▸ EXERCISE PROMPT
Each line of the material holding the word "shift" must be identified and copied.

[[ DATA SECTION open ]]

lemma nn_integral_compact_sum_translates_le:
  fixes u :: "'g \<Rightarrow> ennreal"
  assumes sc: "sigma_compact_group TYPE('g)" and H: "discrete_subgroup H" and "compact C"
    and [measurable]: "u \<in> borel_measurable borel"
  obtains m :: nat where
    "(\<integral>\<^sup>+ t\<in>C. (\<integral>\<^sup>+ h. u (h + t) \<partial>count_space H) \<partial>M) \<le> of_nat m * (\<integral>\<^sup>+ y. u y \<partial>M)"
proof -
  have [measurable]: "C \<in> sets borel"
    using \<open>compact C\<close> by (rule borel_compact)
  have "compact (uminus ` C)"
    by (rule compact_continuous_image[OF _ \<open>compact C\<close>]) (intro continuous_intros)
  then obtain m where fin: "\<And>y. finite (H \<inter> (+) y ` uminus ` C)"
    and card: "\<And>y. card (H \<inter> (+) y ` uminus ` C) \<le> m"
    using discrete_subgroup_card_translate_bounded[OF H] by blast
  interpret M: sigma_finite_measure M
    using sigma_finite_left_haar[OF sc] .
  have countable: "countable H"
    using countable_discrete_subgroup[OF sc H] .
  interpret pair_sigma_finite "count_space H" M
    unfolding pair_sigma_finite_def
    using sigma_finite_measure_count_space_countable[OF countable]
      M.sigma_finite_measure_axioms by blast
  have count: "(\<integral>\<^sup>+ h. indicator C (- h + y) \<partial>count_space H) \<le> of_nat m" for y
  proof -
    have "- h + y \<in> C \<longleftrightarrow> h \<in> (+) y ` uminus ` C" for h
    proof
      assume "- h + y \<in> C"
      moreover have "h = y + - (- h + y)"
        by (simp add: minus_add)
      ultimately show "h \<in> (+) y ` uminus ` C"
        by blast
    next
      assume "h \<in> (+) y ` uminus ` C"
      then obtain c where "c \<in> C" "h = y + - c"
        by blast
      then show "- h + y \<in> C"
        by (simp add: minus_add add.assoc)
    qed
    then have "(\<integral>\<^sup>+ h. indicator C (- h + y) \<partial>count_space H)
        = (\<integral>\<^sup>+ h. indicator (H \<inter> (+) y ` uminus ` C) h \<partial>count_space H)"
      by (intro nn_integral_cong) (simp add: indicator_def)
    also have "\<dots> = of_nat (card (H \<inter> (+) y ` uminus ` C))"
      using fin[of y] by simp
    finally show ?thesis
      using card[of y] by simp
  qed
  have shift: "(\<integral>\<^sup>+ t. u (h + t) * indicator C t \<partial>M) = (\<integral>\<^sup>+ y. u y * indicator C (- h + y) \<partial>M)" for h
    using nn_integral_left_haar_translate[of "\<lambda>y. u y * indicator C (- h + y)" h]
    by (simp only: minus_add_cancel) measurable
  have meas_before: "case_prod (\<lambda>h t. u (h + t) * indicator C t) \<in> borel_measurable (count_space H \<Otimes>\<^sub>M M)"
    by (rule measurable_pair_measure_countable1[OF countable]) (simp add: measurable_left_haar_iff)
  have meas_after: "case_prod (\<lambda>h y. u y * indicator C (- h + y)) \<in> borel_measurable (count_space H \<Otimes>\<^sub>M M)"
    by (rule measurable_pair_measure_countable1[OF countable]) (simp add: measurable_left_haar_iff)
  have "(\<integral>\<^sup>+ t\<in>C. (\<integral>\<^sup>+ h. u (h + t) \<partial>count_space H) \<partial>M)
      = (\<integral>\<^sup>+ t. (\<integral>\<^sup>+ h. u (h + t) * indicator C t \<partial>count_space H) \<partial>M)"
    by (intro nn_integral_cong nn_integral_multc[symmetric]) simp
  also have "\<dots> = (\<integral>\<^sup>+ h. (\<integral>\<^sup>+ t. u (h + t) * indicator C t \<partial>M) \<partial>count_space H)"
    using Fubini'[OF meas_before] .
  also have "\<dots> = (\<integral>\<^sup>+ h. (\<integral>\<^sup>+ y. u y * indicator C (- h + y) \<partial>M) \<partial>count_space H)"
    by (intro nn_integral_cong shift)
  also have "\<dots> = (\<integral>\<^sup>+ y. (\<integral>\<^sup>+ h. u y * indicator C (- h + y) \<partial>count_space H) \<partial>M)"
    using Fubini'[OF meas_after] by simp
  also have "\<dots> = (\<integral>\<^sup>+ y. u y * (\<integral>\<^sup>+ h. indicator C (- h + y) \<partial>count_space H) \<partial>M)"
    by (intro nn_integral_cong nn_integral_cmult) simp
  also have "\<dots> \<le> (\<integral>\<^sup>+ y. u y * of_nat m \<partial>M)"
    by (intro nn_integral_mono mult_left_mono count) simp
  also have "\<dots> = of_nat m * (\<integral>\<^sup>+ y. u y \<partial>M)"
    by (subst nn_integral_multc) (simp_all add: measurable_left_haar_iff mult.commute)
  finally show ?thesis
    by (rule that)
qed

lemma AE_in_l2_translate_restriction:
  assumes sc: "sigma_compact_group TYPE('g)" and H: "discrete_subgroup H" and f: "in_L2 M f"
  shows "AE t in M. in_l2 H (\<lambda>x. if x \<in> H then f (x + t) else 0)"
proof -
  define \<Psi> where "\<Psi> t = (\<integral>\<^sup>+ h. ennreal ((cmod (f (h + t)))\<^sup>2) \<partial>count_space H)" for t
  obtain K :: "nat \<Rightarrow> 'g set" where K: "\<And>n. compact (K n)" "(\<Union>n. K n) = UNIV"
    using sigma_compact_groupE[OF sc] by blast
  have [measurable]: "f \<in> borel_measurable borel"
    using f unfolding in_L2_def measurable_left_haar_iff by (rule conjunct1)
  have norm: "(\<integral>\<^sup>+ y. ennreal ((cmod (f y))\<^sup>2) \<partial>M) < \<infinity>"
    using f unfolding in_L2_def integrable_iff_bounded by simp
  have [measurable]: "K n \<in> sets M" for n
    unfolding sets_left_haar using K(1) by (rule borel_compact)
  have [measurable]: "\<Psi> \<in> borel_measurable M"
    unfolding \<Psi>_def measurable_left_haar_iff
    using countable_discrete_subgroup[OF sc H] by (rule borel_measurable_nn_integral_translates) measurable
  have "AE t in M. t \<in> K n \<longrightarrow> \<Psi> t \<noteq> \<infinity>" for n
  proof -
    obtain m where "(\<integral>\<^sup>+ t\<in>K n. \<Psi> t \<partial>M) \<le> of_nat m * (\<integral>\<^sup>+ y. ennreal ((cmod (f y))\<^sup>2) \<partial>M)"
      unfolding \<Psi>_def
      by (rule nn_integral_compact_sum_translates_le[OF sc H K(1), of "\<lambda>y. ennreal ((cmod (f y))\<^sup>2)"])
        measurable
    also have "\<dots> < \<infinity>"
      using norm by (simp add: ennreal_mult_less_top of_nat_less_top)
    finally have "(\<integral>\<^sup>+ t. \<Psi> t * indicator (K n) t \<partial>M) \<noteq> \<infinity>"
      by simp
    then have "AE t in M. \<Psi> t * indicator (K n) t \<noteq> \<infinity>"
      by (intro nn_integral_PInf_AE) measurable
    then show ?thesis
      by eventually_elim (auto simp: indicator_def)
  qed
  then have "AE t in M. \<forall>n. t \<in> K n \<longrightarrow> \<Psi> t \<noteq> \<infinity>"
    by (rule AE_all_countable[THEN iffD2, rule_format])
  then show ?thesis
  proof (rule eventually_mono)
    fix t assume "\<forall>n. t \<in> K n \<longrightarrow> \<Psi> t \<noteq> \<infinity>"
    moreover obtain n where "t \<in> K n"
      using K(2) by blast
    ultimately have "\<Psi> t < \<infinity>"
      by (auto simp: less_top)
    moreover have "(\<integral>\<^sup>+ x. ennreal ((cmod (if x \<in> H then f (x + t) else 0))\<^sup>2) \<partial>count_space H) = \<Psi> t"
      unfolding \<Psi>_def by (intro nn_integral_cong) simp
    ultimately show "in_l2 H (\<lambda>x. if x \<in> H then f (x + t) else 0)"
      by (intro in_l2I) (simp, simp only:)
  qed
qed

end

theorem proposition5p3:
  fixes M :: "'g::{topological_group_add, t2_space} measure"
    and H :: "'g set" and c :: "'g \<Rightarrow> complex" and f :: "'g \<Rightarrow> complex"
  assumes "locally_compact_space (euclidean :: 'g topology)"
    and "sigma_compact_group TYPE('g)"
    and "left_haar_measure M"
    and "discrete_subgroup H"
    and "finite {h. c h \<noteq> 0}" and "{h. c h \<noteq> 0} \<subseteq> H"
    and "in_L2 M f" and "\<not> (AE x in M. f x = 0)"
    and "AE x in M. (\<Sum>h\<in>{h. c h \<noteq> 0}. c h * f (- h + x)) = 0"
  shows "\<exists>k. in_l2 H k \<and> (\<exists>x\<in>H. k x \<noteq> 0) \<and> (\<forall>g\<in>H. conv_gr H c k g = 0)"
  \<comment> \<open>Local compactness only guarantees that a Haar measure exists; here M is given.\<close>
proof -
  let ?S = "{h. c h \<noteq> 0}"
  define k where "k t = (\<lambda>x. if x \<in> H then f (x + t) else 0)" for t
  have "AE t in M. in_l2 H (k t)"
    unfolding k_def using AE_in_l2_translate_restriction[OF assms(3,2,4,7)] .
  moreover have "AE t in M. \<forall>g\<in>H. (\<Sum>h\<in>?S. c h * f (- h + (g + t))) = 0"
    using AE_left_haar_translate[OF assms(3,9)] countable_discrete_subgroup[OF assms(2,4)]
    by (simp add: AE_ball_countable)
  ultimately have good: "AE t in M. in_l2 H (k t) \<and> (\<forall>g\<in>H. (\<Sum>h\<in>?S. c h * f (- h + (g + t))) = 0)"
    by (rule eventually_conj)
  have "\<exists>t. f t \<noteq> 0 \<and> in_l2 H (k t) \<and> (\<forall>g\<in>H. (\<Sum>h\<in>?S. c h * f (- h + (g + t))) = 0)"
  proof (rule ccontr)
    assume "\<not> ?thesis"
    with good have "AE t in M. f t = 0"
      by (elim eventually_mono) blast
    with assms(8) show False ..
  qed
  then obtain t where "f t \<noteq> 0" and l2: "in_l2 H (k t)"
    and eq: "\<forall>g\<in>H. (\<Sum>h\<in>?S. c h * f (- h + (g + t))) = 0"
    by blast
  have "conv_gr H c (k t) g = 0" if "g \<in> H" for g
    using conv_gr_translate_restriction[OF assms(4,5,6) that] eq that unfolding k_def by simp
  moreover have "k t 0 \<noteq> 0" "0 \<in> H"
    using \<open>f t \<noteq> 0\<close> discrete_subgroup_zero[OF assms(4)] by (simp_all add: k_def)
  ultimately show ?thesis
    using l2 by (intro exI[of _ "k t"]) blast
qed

[[ DATA SECTION closed ]]

▸ EXERCISE RESULT
  have shift: "(\<integral>\<^sup>+ t. u (h + t) * indicator C t \<partial>M) = (\<integral>\<^sup>+ y. u y * indicator C (- h + y) \<partial>M)" for h
    by (intro nn_integral_cong shift)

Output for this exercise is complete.